Eum Kixung (b. 1988) has developed a sculptural practice that translates the inner states revealed when personal memories and sensory experiences collide with physical boundaries into a distinct visual language.
 
In particular, he explores the sensations and traces left behind among objects and places that have been excluded, abandoned, or are disappearing within imperfect spaces—such as redevelopment zones, sites awaiting demolition, old urban districts, and marginal areas of the city. Through processes of deconstruction and restoration, he investigates what remains in the wake of transformation and loss.


Eum Kixung, Collected Story Pieces - The Chuncheon Tea Room Network, 2024, Ceramics, 46x34x49cm © Eum Kixung

Eum’s practice begins with the act of collecting imperfect images. Drawing from the incomplete impressions he encounters in everyday life—things he feels, experiences, sees, and hears—he combines them with his own sensibility to develop sculptural works.
 
For example, in his early works, Eum collected discarded objects and vintage items and incorporated his background in ceramics to transform them into new artworks. Through this process, he explored the boundaries between past and present, the discarded and the new, and object and art.

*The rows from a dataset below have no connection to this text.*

text \<open>Because of the (non-monotone) guard rule, the judgment cannot be given as an
  inductive predicate in HOL; since every rule other than conversion derives a judgment
  about tau from judgments about strict subterms of tau, it is defined by structural
  recursion on tau.  Each clause is: the unique syntax-directed rule for the head
  constructor, concluding at some mode m', followed by the conversion rule (m' >= m).\<close>

function has_mode :: "sig \<Rightarrow> ctx \<Rightarrow> ty \<Rightarrow> mode \<Rightarrow> bool" where
  "has_mode S G (TVar a) m = (\<exists>m'. G a = Some m' \<and> m \<le> m')"
| "has_mode S G TFloat m = False"
| "has_mode S G TInt m = False"
| "has_mode S G TBool m = False"
| "has_mode S G (TCon t ts) m =
     (\<exists>m'. m \<le> m' \<and> (\<exists>ps. (t, ps) \<in> set S \<and> length ts = length ps \<and>
        (\<forall>(x, p) \<in> set (zip ts ps). has_mode S G x (mode_comp m' (snd p)))))"
| "has_mode S G (TArrow a b) m =
     (\<exists>m'. m \<le> m' \<and> has_mode S G a (mode_comp m' Ind) \<and> has_mode S G b (mode_comp m' Ind))"
| "has_mode S G (TProd ts) m =
     (\<exists>m'. m \<le> m' \<and> (\<forall>x\<in>set ts. has_mode S G x (mode_comp m' Ind)))"
| "has_mode S G (TForall a t) m =
     (\<exists>m'. m \<le> m' \<and> (\<exists>n. has_mode S (G(a \<mapsto> n)) t m'))"
| "has_mode S G (TExists a t) m =
     (\<exists>m'. m \<le> m' \<and> has_mode S (G(a \<mapsto> Ind)) t m')"
| "has_mode S G (TWith t k1 k2) m =
     (\<exists>m'. m \<le> m' \<and> (\<forall>G'. ctx_le G G' \<longrightarrow>
        (\<forall>n. has_mode S G' k1 n \<longleftrightarrow> has_mode S G' k2 n) \<longrightarrow> has_mode S G' t m'))"
  by pat_completeness auto
termination
  by (relation "measure (\<lambda>(S, G, t, m). size t)")
     (auto dest!: set_zip_leftD simp: less_Suc_eq_le intro: size_list_estimation')

type_synonym cname = string
type_synonym label = string

datatype decl =
    Variant "(cname \<times> ty) list"              \<comment> \<open>boxed variant\<close>
  | UVariant cname ty                         \<comment> \<open>[unboxed] C of tau\<close>
  | Record "(label \<times> bool \<times> ty) list"      \<comment> \<open>boxed record; bool = mutable flag\<close>
  | URecord label ty                          \<comment> \<open>[unboxed] {l : tau}\<close>
  | Synonym ty

fun decl_no_guard :: "decl \<Rightarrow> bool" where
  "decl_no_guard (Variant cs) = (\<forall>(c, t)\<in>set cs. no_guard t)"
| "decl_no_guard (UVariant c t) = no_guard t"
| "decl_no_guard (Record fs) = (\<forall>(l, mut, t)\<in>set fs. no_guard t)"
| "decl_no_guard (URecord l t) = no_guard t"
| "decl_no_guard (Synonym t) = no_guard t"

fun decl_ok :: "sig \<Rightarrow> ctx \<Rightarrow> decl \<Rightarrow> bool" where
  "decl_ok S G (Variant cs) = True"
| "decl_ok S G (Record fs) = True"
| "decl_ok S G (UVariant c t) = has_mode S G t Sep"
| "decl_ok S G (URecord l t) = has_mode S G t Sep"
| "decl_ok S G (Synonym t) = has_mode S G t Sep"

type_synonym block = "(tname \<times> tvar list \<times> decl) list"
lemma distr_PiM_componentwise:
  fixes I :: "'i set"
  assumes "sigma_finite_measure M" "sigma_finite_measure N" "finite I"
    and T: "T \<in> measurable M N" and TN: "distr M N T = N"
  shows "distr (PiM I (\<lambda>_. M)) (PiM I (\<lambda>_. N)) (\<lambda>x. \<lambda>i\<in>I. T (x i)) = PiM I (\<lambda>_. N)"
proof -
  interpret M: product_sigma_finite "\<lambda>_::'i. M"
    using assms(1) by (simp add: product_sigma_finite_def)
  interpret N: product_sigma_finite "\<lambda>_::'i. N"
    using assms(2) by (simp add: product_sigma_finite_def)
  have TI: "(\<lambda>x. \<lambda>i\<in>I. T (x i)) \<in> measurable (PiM I (\<lambda>_. M)) (PiM I (\<lambda>_. N))"
    by (intro measurable_restrict measurable_compose[OF _ T] measurable_component_singleton)
  show ?thesis
  proof (rule N.PiM_eqI)
    fix A assume A: "\<And>i. i \<in> I \<Longrightarrow> A i \<in> sets N"
    have "(\<lambda>x. \<lambda>i\<in>I. T (x i)) -` PiE I A \<inter> space (PiM I (\<lambda>_. M))
        = PiE I (\<lambda>i. T -` A i \<inter> space M)"
      by (auto simp: space_PiM PiE_iff)
    then have "emeasure (distr (PiM I (\<lambda>_. M)) (PiM I (\<lambda>_. N)) (\<lambda>x. \<lambda>i\<in>I. T (x i))) (PiE I A)
        = emeasure (PiM I (\<lambda>_. M)) (PiE I (\<lambda>i. T -` A i \<inter> space M))"
      using TI A assms(3) by (simp add: emeasure_distr sets_PiM_I_finite)
    also have "\<dots> = (\<Prod>i\<in>I. emeasure M (T -` A i \<inter> space M))"
      using A T assms(3) by (intro M.emeasure_PiM) auto
    also have "\<dots> = (\<Prod>i\<in>I. emeasure N (A i))"
    proof (rule prod.cong[OF refl])
      fix i assume "i \<in> I"
      then have "emeasure (distr M N T) (A i) = emeasure M (T -` A i \<inter> space M)"
        using A T by (simp add: emeasure_distr)
      then show "emeasure M (T -` A i \<inter> space M) = emeasure N (A i)" by (simp add: TN)
    qed
    finally show "emeasure (distr (PiM I (\<lambda>_. M)) (PiM I (\<lambda>_. N)) (\<lambda>x. \<lambda>i\<in>I. T (x i))) (PiE I A)
        = (\<Prod>i\<in>I. emeasure N (A i))" .
  qed (simp_all add: assms(3))
qed

text \<open>No measurability of \<open>f\<close> is needed: a set and its preimage under the bimeasurable
  bijection \<open>T\<close> are measurable together, and non-measurable sets have measure \<open>0\<close>.\<close>
lemma distr_measure_preserving_bij:
  assumes T: "T \<in> measurable M N" and T': "T' \<in> measurable N M"
    and T'T: "\<And>x. x \<in> space M \<Longrightarrow> T' (T x) = x" and TT': "\<And>y. y \<in> space N \<Longrightarrow> T (T' y) = y"
    and TN: "distr M N T = N"
  shows "distr N K f = distr M K (\<lambda>x. f (T x))"
  unfolding distr_def
proof (intro arg_cong[where f = "measure_of _ _"] ext)
  fix A
  define B where "B = (\<lambda>x. f (T x)) -` A \<inter> space M"
  have pre: "f -` A \<inter> space N = T' -` B \<inter> space N"
    using TT' measurable_space[OF T'] by (auto simp: B_def)
  have B: "B = T -` (T' -` B \<inter> space N) \<inter> space M"
    using T'T measurable_space[OF T] by (auto simp: B_def)
  show "emeasure N (f -` A \<inter> space N) = emeasure M B"
  proof (cases "B \<in> sets M")
    case True
    then have "T' -` B \<inter> space N \<in> sets N" using T' by (rule measurable_sets[rotated])
    then have "emeasure (distr M N T) (T' -` B \<inter> space N) = emeasure M B"
      using T by (subst B) (simp add: emeasure_distr)
    then show ?thesis by (simp add: pre TN)
  next
    case False
    then have "T' -` B \<inter> space N \<notin> sets N"
      using B measurable_sets[OF T] by metis
    then show ?thesis using False by (simp add: pre emeasure_notin_sets)
  qed
qed

lemma iid_sample_linear_change:
  fixes F :: "real^('n::{finite,wellorder})^('n::{finite,wellorder})"
  assumes "invertible F"
  shows "distr (iid_sample S (F ** transpose F)) K f
       = distr (iid_sample S (mat 1)) K (\<lambda>Y. f (\<lambda>s\<in>{..<S}. F *v Y s))"
proof -
  obtain G where FG: "F ** G = mat 1" and GF: "G ** F = mat 1"
    using assms invertible_def by blast
  have meas: "(\<lambda>Y. \<lambda>s\<in>{..<S}. H *v Y s) \<in> measurable (iid_sample S A) (iid_sample S B)"
    for H A B :: "((real, 'n) vec, 'n) vec"
    unfolding iid_sample_def
  proof (rule measurable_restrict)
    fix s assume "s \<in> {..<S}"
    from measurable_component_singleton[OF this, of "\<lambda>_. gaussian A"]
    show "(\<lambda>Y. H *v Y s) \<in> measurable (PiM {..<S} (\<lambda>_. gaussian A)) (gaussian B)"
      by (simp only: measurable_cong_sets[OF refl sets_gaussian])
        (rule measurable_compose[OF _ measurable_matrix_vector_mult])
  qed
  have inverse: "(\<lambda>s\<in>{..<S}. H *v (\<lambda>s\<in>{..<S}. H' *v Y s) s) = Y"
    if "H ** H' = mat 1" "Y \<in> space (iid_sample S A)" for H H' A :: "((real, 'n) vec, 'n) vec" and Y
    using that by (auto simp: iid_sample_def space_PiM PiE_def extensional_def
        matrix_vector_mul_assoc fun_eq_iff)
  have "distr (iid_sample S (mat 1)) (iid_sample S (F ** transpose F)) (\<lambda>Y. \<lambda>s\<in>{..<S}. F *v Y s)
      = iid_sample S (F ** transpose F)"
    unfolding iid_sample_def
  proof (rule distr_PiM_componentwise[OF sigma_finite_gaussian sigma_finite_gaussian])
    show "distr (gaussian (mat 1)) (gaussian (F ** transpose F)) (\<lambda>x. F *v x)
        = gaussian (F ** transpose F)"
      by (subst gaussian_linear_image[OF assms, symmetric]) (rule distr_cong, simp_all)
  qed (simp_all add: measurable_cong_sets[OF sets_gaussian sets_gaussian])
  then show ?thesis
    by (intro distr_measure_preserving_bij[where T' = "\<lambda>Y. \<lambda>s\<in>{..<S}. G *v Y s"]
        meas inverse[OF GF] inverse[OF FG])
qed
lemma P_root_near:
  fixes u :: complex and s e :: real
  assumes u: "norm u = 1" and s: "s \<le> \<bar>Im u\<bar>" "0 < s" "s \<le> 1"
    and e: "0 < e" "e \<le> s\<^sup>2 / 10" and n: "21 \<le> e * real n"
  shows "\<exists>x. P n x = 0 \<and> norm x < 1 \<and> norm (x - u) \<le> e"
proof -
  define q where "q x = x\<^sup>2 - x - 1" for x :: complex
  define f where "f x = - 1 / q x" for x
  have "s\<^sup>2 \<le> 1"
    using s by (simp add: power_le_one)
  then have "e \<le> 1"
    using e by simp
  have near: "norm (x - u) \<le> e" if "x \<in> cball u e" for x
    using that by (simp add: dist_norm norm_minus_commute)
  have q_x_gt_1: "1 < norm (q x)" if "x \<in> cball u e" for x
    using norm_quadratic_near_circle_ge[OF u s(1) order_less_imp_le[OF s(2)] s(3) near[OF that] e(2)]
      zero_less_power[OF s(2), of 2]
    unfolding q_def by linarith
  then have q_nonzero: "q x \<noteq> 0" if "x \<in> cball u e" for x
    using that by fastforce
  have "continuous_on (cball u e) f"
    using q_nonzero unfolding f_def q_def by (intro continuous_intros) auto
  moreover have "1/3 \<le> norm (f u)" "norm (f u) \<le> 3"
  proof -
    have "norm (q u) \<le> 3"
      unfolding q_def using norm_triangle_ineq4[of "u\<^sup>2" u] norm_triangle_ineq4[of "u\<^sup>2 - u" 1] u
      by (simp add: norm_power)
    moreover have "1 < norm (q u)"
      using q_x_gt_1[of u] e(1) by simp
    moreover from this have "0 < norm (q u)"
      by linarith
    ultimately show "1/3 \<le> norm (f u)" "norm (f u) \<le> 3"
      by (simp_all add: f_def norm_divide field_simps)
  qed
  moreover have "norm (f x / f u - 1) < 1/2" if "x \<in> cball u e" for x
  proof -
    have "f x / f u - 1 = (q u - q x) / q x"
      using q_nonzero[OF that] q_nonzero[of u] e(1) by (simp add: f_def field_simps)
    then have "norm (f x / f u - 1) = norm (q x - q u) / norm (q x)"
      by (simp add: norm_divide norm_minus_commute)
    also have "\<dots> \<le> norm (q x - q u)"
      using q_x_gt_1[OF that] by (simp add: divide_le_eq mult_le_cancel_left1 order_less_imp_le)
    also have "\<dots> \<le> 4 * e"
      using norm_quadratic_diff_le[OF u near[OF that] \<open>e \<le> 1\<close>] by (simp add: q_def)
    finally show ?thesis
      using e(2) \<open>s\<^sup>2 \<le> 1\<close> by linarith
  qed
  ultimately obtain x where x: "x \<in> cball u e" "x ^ n = f x"
    using exists_power_eq_near[OF u e(1) \<open>e \<le> 1\<close> n] by blast
  have "P n x = 0"
    using x(2) q_nonzero[OF x(1)] by (simp add: P_def f_def q_def)
  moreover have "norm x ^ n < 1"
    using x(2) q_x_gt_1[OF x(1)] by (simp add: f_def norm_power[symmetric] norm_divide divide_less_eq)
  ultimately show ?thesis
    using near[OF x(1)] by (auto simp: power_less_one_iff)
qed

Eum Kixung, TERRIBLE Hybrid , 2021, Mixed media, 52x35x153cm © Eum Kixung

This effort to move beyond the conventional framework of ceramics defined by utility and function, and to connect his own sensibility with surrounding environments and objects, became more fully developed in his 2021 solo exhibition 《Incomplete Harmony》.
 
For this exhibition, Eum combined ceramics with materials selected according to his personal sensibility, ranging from everyday items commonly found around us—such as household waste, Styrofoam, stainless steel, synthetic resin, and toys—to more luxurious materials including neon lights, gold, and silver. These materials were either incorporated into ceramic forms or added as decorative elements.
 
By combining discarded everyday objects with ceramics and employing both ornate embellishments and popular materials, Eum’s works demonstrate his commitment to expanding ceramics beyond the material limitations and established conventions of traditional clay-based practice, developing it into a distinct artistic language of his own.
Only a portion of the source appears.